Under orders laid out in acts of Congress from 1928, once water reaches a certain height or pressure, the corps commander is committed to certain responses – blowing up levees in Missouri, or opening up giant floodways in Louisiana – to reduce strain on levees around strategic areas.

But some flood experts blame the corps for the very crisis it is facing now. They say it has lulled the public into a false sense of security about its ability to manage the Mississippi. Over the years, individuals and communities moved increasingly into flood-prone areas around the Mississippi because land is cheap, and because they were persuaded the risk of floods is low.

It is becoming evident that the Army Corps of Engineers and other forecasters have underestimated the frequency of severe flooding along the Mississippi.

"We had a 500-year flood in 1993, a 70-year flood in 2001, and a 200-year flood in 2008. What blows my mind is that I just published this paper in 2008 and every year since then we have had another 10-year flood," said Robert Criss, a hydrologist at Washington University in St Louis. "The observed frequency of flooding is completely incompatible with the Army Corps estimates."

The forecasts at the time were based on a relatively short historic record.

Snow and rainfall patterns change over time, altering the frequency and magnitude of floods. Climate change is also increasing the intensity of storms. Last April saw six times as much rain in the Ohio valley, which drains into the Mississippi, as in a normal year.
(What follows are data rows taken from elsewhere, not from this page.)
lemma abs_one_minus_exp_cos_remainder_le:
  fixes Q Q' L L' r M a b c :: real
  assumes r: "0 \<le> r" "r \<le> 1" and "0 \<le> M"
    and Q: "0 \<le> Q" "Q \<le> M * r\<^sup>2" "\<bar>Q - Q'\<bar> \<le> a * r ^ 3"
    and L: "\<bar>L\<bar> \<le> b * r" "\<bar>L'\<bar> \<le> b * r" "\<bar>L - L'\<bar> \<le> c * r\<^sup>2"
  shows "\<bar>(1 - exp (- Q) * cos L) - (Q' + L'\<^sup>2 / 2)\<bar> \<le> (M\<^sup>2 / 2 + M * b\<^sup>2 / 2 + b ^ 3 / 6 + a + b * c) * r ^ 3"
proof -
  have r_pow: "r ^ 4 \<le> r ^ 3"
    using r by (simp add: power_decreasing)
  have br: "0 \<le> b * r"
    using L(1) by linarith
  have "\<bar>1 - exp (- Q) - Q\<bar> \<le> (M * r\<^sup>2)\<^sup>2 / 2"
    using abs_one_minus_exp_minus_le[OF Q(1)] power_mono[OF Q(2) Q(1), of 2] by linarith
  also have "\<dots> = M\<^sup>2 / 2 * r ^ 4"
    by (simp add: power_mult_distrib flip: power_mult)
  also have "\<dots> \<le> M\<^sup>2 / 2 * r ^ 3"
    using r_pow by (intro mult_left_mono) auto
  finally have exp_part: "\<bar>1 - exp (- Q) - Q\<bar> \<le> M\<^sup>2 / 2 * r ^ 3" .
  have "\<bar>(exp (- Q) - 1) * (1 - cos L)\<bar> \<le> (M * r\<^sup>2) * ((b * r)\<^sup>2 / 2)"
  proof (rule abs_mult_le_mult)
    show "\<bar>exp (- Q) - 1\<bar> \<le> M * r\<^sup>2"
      using exp_ge_add_one_self[of "- Q"] Q(1,2) by (simp add: abs_le_iff)
    have "L\<^sup>2 \<le> (b * r)\<^sup>2"
      using L(1) br by (metis abs_ge_zero power2_abs power_mono)
    then show "\<bar>1 - cos L\<bar> \<le> (b * r)\<^sup>2 / 2"
      using one_minus_cos_le_quadratic[of L] by simp
  qed
  also have "\<dots> = M * b\<^sup>2 / 2 * r ^ 4"
    by (simp add: power_mult_distrib power2_eq_square power4_eq_xxxx)
  also have "\<dots> \<le> M * b\<^sup>2 / 2 * r ^ 3"
    using r_pow \<open>0 \<le> M\<close> by (intro mult_left_mono) auto
  finally have mixed_part: "\<bar>(exp (- Q) - 1) * (1 - cos L)\<bar> \<le> M * b\<^sup>2 / 2 * r ^ 3" .
  have "\<bar>1 - cos L - L\<^sup>2 / 2\<bar> \<le> (b * r) ^ 3 / 6"
    using abs_one_minus_cos_minus_quadratic_le[of L] power_mono[OF L(1), of 3] by simp
  then have cos_part: "\<bar>1 - cos L - L\<^sup>2 / 2\<bar> \<le> b ^ 3 / 6 * r ^ 3"
    by (simp add: power_mult_distrib)
  have "\<bar>(L - L') * (L + L')\<bar> \<le> (c * r\<^sup>2) * (2 * (b * r))"
    using L by (intro abs_mult_le_mult) auto
  then have phase_part: "\<bar>(L\<^sup>2 - L'\<^sup>2) / 2\<bar> \<le> b * c * r ^ 3"
    by (simp add: power2_eq_square power3_eq_cube algebra_simps)
  have split: "(1 - exp (- Q) * cos L) - (Q' + L'\<^sup>2 / 2)
      = (1 - exp (- Q) - Q) + (exp (- Q) - 1) * (1 - cos L) + (1 - cos L - L\<^sup>2 / 2) + (Q - Q') + (L\<^sup>2 - L'\<^sup>2) / 2"
    by (simp add: field_simps)
  have "\<bar>(1 - exp (- Q) * cos L) - (Q' + L'\<^sup>2 / 2)\<bar>
      \<le> M\<^sup>2 / 2 * r ^ 3 + M * b\<^sup>2 / 2 * r ^ 3 + b ^ 3 / 6 * r ^ 3 + a * r ^ 3 + b * c * r ^ 3"
    unfolding split using exp_part mixed_part cos_part Q(3) phase_part by linarith
  then show ?thesis
    by (simp add: algebra_simps)
qed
Criss argues the Army Corps of Engineers forecasts have played down the flood risk, encouraging individuals and corporations to move into flood-prone areas where they are not safe.

The corps's levee-building strategy was also flawed because it did not give the rivers chance to move, Criss said.
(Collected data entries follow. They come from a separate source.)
lemma tail_cover:
  assumes "n \<ge> 2"
  obtains F where "F \<subseteq> assoc_hyperedges n" "finite F" "tail_vertices n \<subseteq> \<Union>F"
    "4 * (n div 3) + card F \<le> n + (n + 2) div 3"
proof -
  consider "n mod 3 = 0" | "n mod 3 = 1" | "n mod 3 = 2" by atomize_elim presburger
  then show ?thesis
  proof cases
    case 1
    then have "3 * (n div 3) = n" by presburger
    then have "tail_vertices n = {}" by (auto simp: tail_vertices_def)
    with \<open>3 * (n div 3) = n\<close> show ?thesis by (intro that[of "{}"]) auto
  next
    case 2
    with assms obtain F where "F \<subseteq> assoc_hyperedges n" "finite F"
      "card F \<le> 2" "tail_vertices n \<subseteq> \<Union>F" by (rule tail_cover_mod_1)
    moreover have "4 * (n div 3) + 2 = n + (n + 2) div 3" using 2 by presburger
    ultimately show ?thesis by (intro that[of F]) auto
  next
    case 3
    then obtain F where "F \<subseteq> assoc_hyperedges n" "finite F"
      "card F \<le> 3" "tail_vertices n \<subseteq> \<Union>F" by (rule tail_cover_mod_2)
    moreover have "4 * (n div 3) + 3 = n + (n + 2) div 3" using 3 by presburger
    ultimately show ?thesis by (intro that[of F]) auto
  qed
qed

lemma nat_ceiling_divide_3: "nat \<lceil>real m / 3\<rceil> = (m + 2) div 3"
proof -
  have "\<lceil>real m / 3\<rceil> = - (- int m div 3)"
    using ceiling_divide_eq_div[of "int m" 3] by simp
  also have "\<dots> = int ((m + 2) div 3)"
    by (simp add: zdiv_int)
  finally show ?thesis by simp
qed

theorem mainTheorem7:
  fixes n :: nat
  assumes "n \<ge> 3"
  shows "covering_number n = n + nat \<lceil>real n / 3\<rceil>"
proof -
  from assms have "n \<ge> 2" by simp
  then obtain F where F: "F \<subseteq> assoc_hyperedges n" "finite F" "tail_vertices n \<subseteq> \<Union>F"
    and card_F: "4 * (n div 3) + card F \<le> n + (n + 2) div 3"
    by (rule tail_cover)
  have "covering_number n = n + (n + 2) div 3"
  proof (rule covering_number_eqI)
    show "is_cover n (block_edges n \<union> F)"
      using F by (rule is_cover_block_edges_Un)
    show "card (block_edges n \<union> F) \<le> n + (n + 2) div 3"
      using card_Un_le[of "block_edges n" F] card_block_edges_le[of n] card_F by linarith
  next
    fix C assume "is_cover n C"
    then have "4 * n \<le> 3 * card C" by (rule card_cover_ge)
    then show "n + (n + 2) div 3 \<le> card C" by linarith
  qed
  then show ?thesis
    using nat_ceiling_divide_3[of n] by simp
qed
"We have actually made the flooding worse. Their homes are getting flooded all the time now," Criss said. "We have got to start moving people and business out of the flood plain."

By the time General Michael Walsh, the commander of the Army Corps of Engineers, began fighting these floods, his mission was refined to its essence – do not let more than 35,000 cubic metres per second of water rush down the Mississippi towards New Orleans.

But it came at a cost. The only way to keep flood waters out of New Orleans was to redirect them. The plan called for flooding the Atchafalaya basin, keeping New Orleans safe but condemning scattered hamlets to drowning.

"He held off on that decision as long as he could. He hovered at the tipping point for three or four days," said Charles Camillo, the corps's official historian. "We might not have operated had it not been for that last rainstorm. That broke our backs. The rain came in, and we could not hold any more water back."

Once the giant steel gates were lifted on the Morganza spillway, the forests and scattered settlements of Louisiana's Cajun country began to fill with water.

According to initial predictions, Butte La Rose, which has about 800 year-round and part-time residents, would be under more than 20ft of water. Days after the first gates were opened, there was no sign of flooding. Officials said the water was moving slowly because the ground was so parched because of a recent drought.

In the past few days, Butte La Rose has seen a procession of moving vans as people hurriedly load up their belongings before the mandatory evacuation order goes into effect on Monday.

Most of the homes are flimsy affairs – hunting shacks or trailers – but it was a wrench for their owners to leave them.

"Come time I will move out," said Earl Quebedeaux, sitting on a dock at the back of his trailer eating stewed tomatoes out of a tin. "But I don't believe the water is going to get that high. Last night it only came up a couple of inches, same thing the night before."

And if it does get that high? "Even if it destroys my trailer I'm going to come back. I'll just build me a house boat."